Only the lines from the one with "using h by (auto simp: supp_funcs_def)" through the end of the data are wanted, copied exactly.

-------- Records

(* Let $S\subset\mathbb{C}^4$ be the surface parametrized by $(a,t)\mapsto(a,t^4,at^6,t^7)$. Then $S$ is Whitney regular along its singular locus (the first coordinate axis). However, the surface parametrized by $\tau(a,t)=(a,t^4,at^2,t^3)$ (which is the blow-up of $S$ along its singular locus) and the surface parametrized by $\sigma(a,t)=(a,t^4,\tfrac32at^2,\tfrac74t^3)$ (which is the Nash modification of $S$) are not Whitney regular along their singular locus, the first coordinate axis.
   Context: Whitney regularity along the singular locus $\mathcal{C}$ at $0$: for all sequences $x_n\in S\setminus\mathcal{C}$, $y_n\in\mathcal{C}\setminus\{0\}$ converging to $0$ with secants $\overline{x_ny_n}\to l$ and tangent planes $T_{x_n}S\to T$, one has $T_0\mathcal{C}\subset T$ and $l\subset T$. *)

theory Defs
  imports "HOL-Analysis.Analysis"
begin

text \<open>Points of C^4 are vectors of type complex^4; complex scalar multiplication is
  the componentwise product (*s), and complex linear algebra is the library
  interpretation vec (vec.span, vec.subspace, vec.dim).\<close>

definition vec4 :: "complex \<Rightarrow> complex \<Rightarrow> complex \<Rightarrow> complex \<Rightarrow> complex ^ 4" where
  "vec4 x1 x2 x3 x4 = (\<chi> i. if i = 1 then x1 else if i = 2 then x2 else if i = 3 then x3 else x4)"

definition first_axis :: "(complex ^ 4) set" where
  "first_axis = {x. x $ 2 = 0 \<and> x $ 3 = 0 \<and> x $ 4 = 0}"

definition is_cgrass :: "nat \<Rightarrow> (complex ^ 4) set \<Rightarrow> bool" where
  "is_cgrass k V \<longleftrightarrow> vec.subspace V \<and> vec.dim V = k"

definition gap :: "(complex ^ 4) set \<Rightarrow> (complex ^ 4) set \<Rightarrow> real" where
  "gap M N = (SUP v \<in> M \<inter> cball 0 1. infdist v N)"

text \<open>Convergence of subspaces in the Grassmannian (gap / Hausdorff metric on unit balls).\<close>
definition subspace_tendsto :: "(nat \<Rightarrow> (complex ^ 4) set) \<Rightarrow> (complex ^ 4) set \<Rightarrow> bool" where
  "subspace_tendsto V W \<longleftrightarrow>
     (\<lambda>n. gap (V n) W) \<longlonglongrightarrow> 0 \<and> (\<lambda>n. gap W (V n)) \<longlonglongrightarrow> 0"

definition d_a :: "(complex \<Rightarrow> complex \<Rightarrow> complex ^ 4) \<Rightarrow> complex \<Rightarrow> complex \<Rightarrow> complex ^ 4" where
  "d_a phi a t = (\<chi> i. deriv (\<lambda>s. phi s t $ i) a)"

definition d_t :: "(complex \<Rightarrow> complex \<Rightarrow> complex ^ 4) \<Rightarrow> complex \<Rightarrow> complex \<Rightarrow> complex ^ 4" where
  "d_t phi a t = (\<chi> i. deriv (\<lambda>s. phi a s $ i) t)"

definition tangent_plane :: "(complex \<Rightarrow> complex \<Rightarrow> complex ^ 4) \<Rightarrow> complex \<Rightarrow> complex \<Rightarrow> (complex ^ 4) set" where
  "tangent_plane phi a t = vec.span {d_a phi a t, d_t phi a t}"

text \<open>Whitney regularity at 0 along the first coordinate axis C of the surface
  S = phi(C^2), where S minus C is exactly phi({t \<noteq> 0}) (phi injective there).
  Sequences x_n in S - C are written x_n = phi(a_n, t_n), t_n \<noteq> 0.
  Note T_0 C = C since C is a linear subspace.\<close>
definition whitney_regular_at_0 :: "(complex \<Rightarrow> complex \<Rightarrow> complex ^ 4) \<Rightarrow> bool" where
  "whitney_regular_at_0 phi \<longleftrightarrow>
    (\<forall>(a::nat \<Rightarrow> complex) (t::nat \<Rightarrow> complex) (y::nat \<Rightarrow> complex ^ 4) l T.
       (\<forall>n. t n \<noteq> 0) \<longrightarrow> (\<lambda>n. phi (a n) (t n)) \<longlonglongrightarrow> 0 \<longrightarrow>
       (\<forall>n. y n \<in> first_axis - {0}) \<longrightarrow> y \<longlonglongrightarrow> 0 \<longrightarrow>
       is_cgrass 1 l \<longrightarrow> subspace_tendsto (\<lambda>n. vec.span {phi (a n) (t n) - y n}) l \<longrightarrow>
       is_cgrass 2 T \<longrightarrow> subspace_tendsto (\<lambda>n. tangent_plane phi (a n) (t n)) T \<longrightarrow>
       first_axis \<subseteq> T \<and> l \<subseteq> T)"
lemma convex_Sm: "convex (Sm f)"
  unfolding convex_alt
proof (intro ballI allI impI)
  fix x y and t :: real
  assume x: "x \<in> Sm f" and y: "y \<in> Sm f" and t: "0 \<le> t \<and> t \<le> 1"
  define z where "z = (1 - t) *\<^sub>R x + t *\<^sub>R y"
  have f: "f \<in> dual_ball" "f x = norm x" "f y = norm y"
    using SmD[OF x] SmD[OF y] by auto
  have f_z: "f z = (1 - t) * norm x + t * norm y"
    using f by (simp add: z_def linear_add[OF dual_ball_linear] linear_scale[OF dual_ball_linear])
  moreover have "norm z \<le> (1 - t) * norm x + t * norm y"
    using norm_triangle_ineq[of "(1 - t) *\<^sub>R x" "t *\<^sub>R y"] t by (simp add: z_def)
  moreover have "f z \<le> norm z"
    by (rule dual_ball_le_norm[OF f(1)])
  ultimately have norm_z: "norm z = (1 - t) * norm x + t * norm y"
    by linarith
  have "0 < (1 - t) * norm x + t * norm y"
    using t SmD(1)[OF x] SmD(1)[OF y]
    by (cases "t = 0") (auto intro: add_nonneg_pos add_pos_nonneg)
  then have "z \<noteq> 0"
    using norm_z by auto
  have "J z \<subseteq> {f}"
  proof
    fix h
    assume h: "h \<in> J z"
    have hb: "h \<in> dual_ball" "h z = norm z"
      using supp_funcsD[OF h] by auto
    have "h z = (1 - t) * h x + t * h y"
      by (simp add: z_def linear_add[OF dual_ball_linear[OF hb(1)]] linear_scale[OF dual_ball_linear[OF hb(1)]])
    then have "(1 - t) * (norm x - h x) + t * (norm y - h y) = 0"
      using hb(2) norm_z by (simp add: algebra_simps)
    moreover have "0 \<le> (1 - t) * (norm x - h x)" and "0 \<le> t * (norm y - h y)"
      using t dual_ball_le_norm[OF hb(1)] by simp_all
    ultimately have "(1 - t) * (norm x - h x) = 0" and "t * (norm y - h y) = 0"
      by linarith+
    then have "h x = norm x \<or> h y = norm y"
      by (cases "t = 0") auto
    then have "h \<in> J x \<or> h \<in> J y"
      using h by (auto simp: supp_funcs_def)
    then show "h \<in> {f}"
      using SmD(2)[OF x] SmD(2)[OF y] by blast
  qed
  moreover have "f \<in> J z"
    using SmD(2)[OF x] f_z norm_z by (auto simp: supp_funcs_def)
  ultimately show "(1 - t) *\<^sub>R x + t *\<^sub>R y \<in> Sm f"
    using \<open>z \<noteq> 0\<close> by (auto simp: Sm_def z_def)
qed

lemma linear_inv_bij:
  assumes "linear f" and "bij f"
  shows "linear (inv f)"
proof -
  obtain g where g: "linear g" "f \<circ> g = id"
    using linear_surjective_right_inverse[OF assms(1) bij_is_surj[OF assms(2)]] by blast
  have "inv f = g"
  proof
    show "inv f y = g y" for y
      using g(2) bij_inv_eq_iff[OF assms(2)] by (metis comp_apply id_apply)
  qed
  with g(1) show ?thesis
    by simp
qed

----------------

> _Answer for the task_:
      using h by (auto simp: supp_funcs_def)
    then show "h \<in> {f}"
      using SmD(2)[OF x] SmD(2)[OF y] by blast
  qed
  moreover have "f \<in> J z"
    using SmD(2)[OF x] f_z norm_z by (auto simp: supp_funcs_def)
  ultimately show "(1 - t) *\<^sub>R x + t *\<^sub>R y \<in> Sm f"
    using \<open>z \<noteq> 0\<close> by (auto simp: Sm_def z_def)
qed

lemma linear_inv_bij:
  assumes "linear f" and "bij f"
  shows "linear (inv f)"
proof -
  obtain g where g: "linear g" "f \<circ> g = id"
    using linear_surjective_right_inverse[OF assms(1) bij_is_surj[OF assms(2)]] by blast
  have "inv f = g"
  proof
    show "inv f y = g y" for y
      using g(2) bij_inv_eq_iff[OF assms(2)] by (metis comp_apply id_apply)
  qed
  with g(1) show ?thesis
    by simp
qed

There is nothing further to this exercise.